- Directions
Taking the line with "with sat e show False" as the first and the line with "obtain v where" as the last, set down exactly every line in that range from the entries below, and no more.

Dataset entries
━━━━━━━━

lemma sum_adj_matrix_mult_vec:
  assumes v: "v \<in> carrier_vec N"
  shows "(\<Sum>i = 0..<N. (A *\<^sub>v v) $ i) = of_nat k * sum (($) v) {0..<N}"
proof -
  have col: "(\<Sum>i = 0..<N. A $$ (i, l)) = of_nat k" if l: "l < N" for l
  proof -
    have "(\<Sum>i = 0..<N. A $$ (i, l)) = (\<Sum>i = 0..<N. if E l i then 1 else 0)"
      using l by (intro sum.cong) (simp_all add: adj_matrix_index adj_sym)
    also have "\<dots> = of_nat k" using degree[OF l] by (simp add: sum_indicator_eq_card)
    finally show ?thesis .
  qed
  have "(\<Sum>i = 0..<N. (A *\<^sub>v v) $ i) = (\<Sum>i = 0..<N. \<Sum>l = 0..<N. A $$ (i, l) * v $ l)"
    using v by (intro sum.cong) (simp_all add: adj_matrix_def scalar_prod_def)
  also have "\<dots> = (\<Sum>l = 0..<N. v $ l * (\<Sum>i = 0..<N. A $$ (i, l)))"
    by (subst sum.swap) (simp add: sum_distrib_left mult.commute)
  also have "\<dots> = (\<Sum>l = 0..<N. v $ l * of_nat k)" using col by simp
  finally show ?thesis by (simp add: sum_distrib_left mult.commute)
qed
lemma finite_saturated_vertices: "finite (saturated_vertices n T)"
  unfolding saturated_vertices_def by auto

lemma saturated_vertices_mono: "T \<subseteq> T' \<Longrightarrow> saturated_vertices n T \<subseteq> saturated_vertices n T'"
  unfolding saturated_vertices_def saturated_def by auto

lemma unused_edges_Kn_edges_eq_empty_iff:
  assumes "v < n"
  shows "unused_edges (Kn_edges n) xs v = {} \<longleftrightarrow> saturated n (traversed xs) v"
proof
  assume "unused_edges (Kn_edges n) xs v = {}"
  then show "saturated n (traversed xs) v"
    using assms unfolding unused_edges_def saturated_def by (auto simp: doubleton_mem_Kn_edges)
next
  assume sat: "saturated n (traversed xs) v"
  show "unused_edges (Kn_edges n) xs v = {}"
  proof (rule equals0I)
    fix e assume e: "e \<in> unused_edges (Kn_edges n) xs v"
    then obtain w where "e = {v, w}" "w < n" "w \<noteq> v"
      unfolding unused_edges_def by (auto elim!: Kn_edgesE)
    with sat e show False
      unfolding unused_edges_def saturated_def by auto
  qed
qed

lemma Kn_edges_subset_iff_saturated: "Kn_edges n \<subseteq> T \<longleftrightarrow> (\<forall>v<n. saturated n T v)"
proof
  assume "Kn_edges n \<subseteq> T"
  then show "\<forall>v<n. saturated n T v"
    unfolding saturated_def by (auto simp: doubleton_mem_Kn_edges)
next
  assume "\<forall>v<n. saturated n T v"
  then show "Kn_edges n \<subseteq> T"
    unfolding saturated_def by (auto elim!: Kn_edgesE)
qed

lemma card_saturated_vertices_less:
  assumes "\<not> Kn_edges n \<subseteq> T"
  shows "card (saturated_vertices n T) < n"
proof -
  obtain v where "v < n" "\<not> saturated n T v"
    using assms Kn_edges_subset_iff_saturated by blast
  then have "saturated_vertices n T \<subset> {..<n}"
    unfolding saturated_vertices_def by auto
  then show ?thesis
    by (metis card_lessThan finite_lessThan psubset_card_mono)
qed

definition escape_time :: "nat \<Rightarrow> nat \<Rightarrow> real" where
  "escape_time n k = real (n - 1) / real (n - k)"

text \<open>The waiting time at level \<open>card (saturated_vertices n T)\<close> is owed only while the walk
  sits at a saturated vertex; inserting \<open>v\<close> drops it otherwise.\<close>
definition cover_potential :: "nat \<Rightarrow> nat set set \<Rightarrow> nat \<Rightarrow> real" where
  "cover_potential n T v = real (card (Kn_edges n - T)) +
     (\<Sum>k = card (insert v (saturated_vertices n T))..n - 1. escape_time n k)"

lemma escape_time_nonneg: "0 \<le> escape_time n k"
  unfolding escape_time_def by simp
lemma trinomial_gap_identity:
  "(int m + 2) * (int m + 3) * (2 * trinomial m 2 - trinomial m 3 - trinomial m 0)
    = gap_form m (trinomial m 0, trinomial m 1)"
proof -
  let ?M = "int m" and ?t = "trinomial m"
  have t2: "(?M + 2) * ?t 2 = ?M * ?t 0 - ?t 1"
    using trinomial_recurrence[of m 1] by (simp add: add.commute)
  have t3: "(?M + 3) * ?t 3 = (?M - 1) * ?t 1 - 2 * ?t 2"
    using trinomial_recurrence[of m 2] by (simp add: add.commute)
  have "(?M + 2) * (?M + 3) * (2 * ?t 2 - ?t 3 - ?t 0) = gap_form m (?t 0, ?t 1)
      + 2 * (?M + 4) * ((?M + 2) * ?t 2 - (?M * ?t 0 - ?t 1))
      - (?M + 2) * ((?M + 3) * ?t 3 - ((?M - 1) * ?t 1 - 2 * ?t 2))"
    by (simp add: gap_form_def algebra_simps)
  with t2 t3 show ?thesis by simp
qed

section \<open>The sign of the gap form\<close>

lemma gap_form_pos:
  assumes m: "33 \<le> m" and x: "1 \<le> x" and upper: "10 * int m * y \<le> (10 * int m - 7) * x"
  shows "0 < gap_form m (x, y)"
proof -
  let ?M = "int m"
  have MM: "0 \<le> ?M * ?M" by simp
  have "0 \<le> (?M * ?M + 3 * ?M + 6) * ((10 * ?M - 7) * x - 10 * ?M * y)"
    by (rule mult_nonneg_nonneg) (use MM upper in linarith)+
  moreover have "0 < (7 * ?M * ?M - 99 * ?M + 42) * x"
  proof -
    have "33 * 1 \<le> ?M * (7 * ?M - 99)" using m by (intro mult_mono) auto
    then have "0 < 7 * ?M * ?M - 99 * ?M + 42" by (simp add: algebra_simps)
    then show ?thesis using x by simp
  qed
  moreover have "10 * ?M * gap_form m (x, y)
      = (?M * ?M + 3 * ?M + 6) * ((10 * ?M - 7) * x - 10 * ?M * y) + (7 * ?M * ?M - 99 * ?M + 42) * x"
    by (simp add: gap_form_def algebra_simps)
  ultimately have "0 < 10 * ?M * gap_form m (x, y)" by linarith
  then show ?thesis using m by (simp add: zero_less_mult_iff)
qed

text \<open>The ratio \<open>t\<^sub>m\<^sub>+\<^sub>1(1)/t\<^sub>m\<^sub>+\<^sub>1(0)\<close> is a decreasing function of \<open>t\<^sub>m(1)/t\<^sub>m(0)\<close>, so each
  bound at \<open>m + 1\<close> comes from the opposite bound at \<open>m\<close>.\<close>

lemma ratio_upper_step:
  fixes M x y X Y :: int
  assumes M: "33 \<le> M" and x: "0 \<le> x" and lower: "(5 * M - 4) * x \<le> 5 * M * y"
    and X: "X = x + 2 * y" and Y: "(M + 2) * Y = (2 * M + 2) * x + (M + 1) * y"
  shows "10 * (M + 1) * Y \<le> (10 * (M + 1) - 7) * X"
proof -
  have MM: "0 \<le> M * M" by simp
  have "0 \<le> (10 * M * M + 26 * M + 2) * (5 * M * y - (5 * M - 4) * x)"
    by (rule mult_nonneg_nonneg) (use M MM lower in linarith)+
  moreover have "0 \<le> (5 * M * M - 164 * M - 8) * x"
  proof -
    have "33 * 1 \<le> M * (5 * M - 164)" using M by (intro mult_mono) auto
    then have "0 \<le> 5 * M * M - 164 * M - 8" by (simp add: algebra_simps)
    then show ?thesis using x by simp
  qed
  moreover have "5 * M * (M + 2) * ((10 * (M + 1) - 7) * X - 10 * (M + 1) * Y)
      = 5 * M * ((10 * M + 3) * (M + 2) * X - 10 * (M + 1) * ((M + 2) * Y))"
    by (simp add: algebra_simps)
  moreover have "\<dots> = (10 * M * M + 26 * M + 2) * (5 * M * y - (5 * M - 4) * x)
      + (5 * M * M - 164 * M - 8) * x"
    unfolding X Y by (simp add: algebra_simps)
  ultimately have "0 \<le> 5 * M * (M + 2) * ((10 * (M + 1) - 7) * X - 10 * (M + 1) * Y)"
    by linarith
  moreover have "0 < 5 * M * (M + 2)" using M by simp
  ultimately show ?thesis by (simp add: zero_le_mult_iff)
qed
lemma phi_tensor_law_of_bicomod_tensor_closed:
  assumes closed: "\<forall>A\<in>Ob BC. \<forall>B\<in>Ob BC. tns BC A B \<in> Ob BC"
  shows phi_tensor_law
proof (intro ballI)
  fix X Y assume X: "X \<in> Ob'" and Y: "Y \<in> Ob'"
  have "bcm (TT (F1 (G1 X), DF (G1 X), cofree_G X) (F1 (G1 Y), DF (G1 Y), cofree_G Y))"
    using closed cofree_bicomod[OF X] cofree_bicomod[OF Y] by simp
  then have "\<phi> (F1 (G1 X) \<odot> F1 (G1 Y)) \<cdot>
      (Fa (G2 (F1 (G1 X)) (F1 (G1 Y)) \<cdot> (cofree_G X \<otimes> cofree_G Y)) \<cdot>
       (F2 (F1 (G1 X)) (F1 (G1 Y)) \<cdot> (DF (G1 X) \<otimes> DF (G1 Y)))) =
    Ga (F2 (F1 (G1 X)) (F1 (G1 Y)) \<cdot> (DF (G1 X) \<otimes> DF (G1 Y))) \<cdot>
      (G2 (F1 (G1 X)) (F1 (G1 Y)) \<cdot> (cofree_G X \<otimes> cofree_G Y))"
    unfolding bc_tns_simp is_bicomod_iff by blast
  then show "\<phi> (X \<odot> Y) \<cdot> (Fa (G2 X Y) \<cdot> F2 (G1 X) (G1 Y)) =
      Ga (F2 X Y) \<cdot> (G2 (F1 X) (F1 Y) \<cdot> (\<phi> X \<otimes> \<phi> Y))"
    using cofree_tensor_projection_F_side[OF X Y] cofree_tensor_projection_G_side[OF X Y] by metis
qed

lemma bicomod_moncat_monoidal_iff_monoidal_dist_law:
  "monoidal_category BC \<longleftrightarrow> monoidal_dist_law M F F2 F0 G G2 G0 \<phi>"
proof
  assume BC: "monoidal_category BC"
  have "\<forall>A\<in>Ob BC. \<forall>B\<in>Ob BC. tns BC A B \<in> Ob BC"
    using BC unfolding monoidal_category_def by (elim conjE) assumption
  moreover have "munit BC \<in> Ob BC"
    using BC unfolding monoidal_category_def by (elim conjE) assumption
  then have phi_unit_law by (simp add: is_bicomod_iff)
  ultimately show "monoidal_dist_law M F F2 F0 G G2 G0 \<phi>"
    unfolding monoidal_dist_law_iff using phi_tensor_law_of_bicomod_tensor_closed by blast
next
  assume "monoidal_dist_law M F F2 F0 G G2 G0 \<phi>"
  then show "monoidal_category BC"
    unfolding monoidal_dist_law_iff using bicomod_moncat_monoidal by blast
qed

━━━━━━━━

- The completed task
    with sat e show False
      unfolding unused_edges_def saturated_def by auto
  qed
qed

lemma Kn_edges_subset_iff_saturated: "Kn_edges n \<subseteq> T \<longleftrightarrow> (\<forall>v<n. saturated n T v)"
proof
  assume "Kn_edges n \<subseteq> T"
  then show "\<forall>v<n. saturated n T v"
    unfolding saturated_def by (auto simp: doubleton_mem_Kn_edges)
next
  assume "\<forall>v<n. saturated n T v"
  then show "Kn_edges n \<subseteq> T"
    unfolding saturated_def by (auto elim!: Kn_edgesE)
qed

lemma card_saturated_vertices_less:
  assumes "\<not> Kn_edges n \<subseteq> T"
  shows "card (saturated_vertices n T) < n"
proof -
  obtain v where "v < n" "\<not> saturated n T v"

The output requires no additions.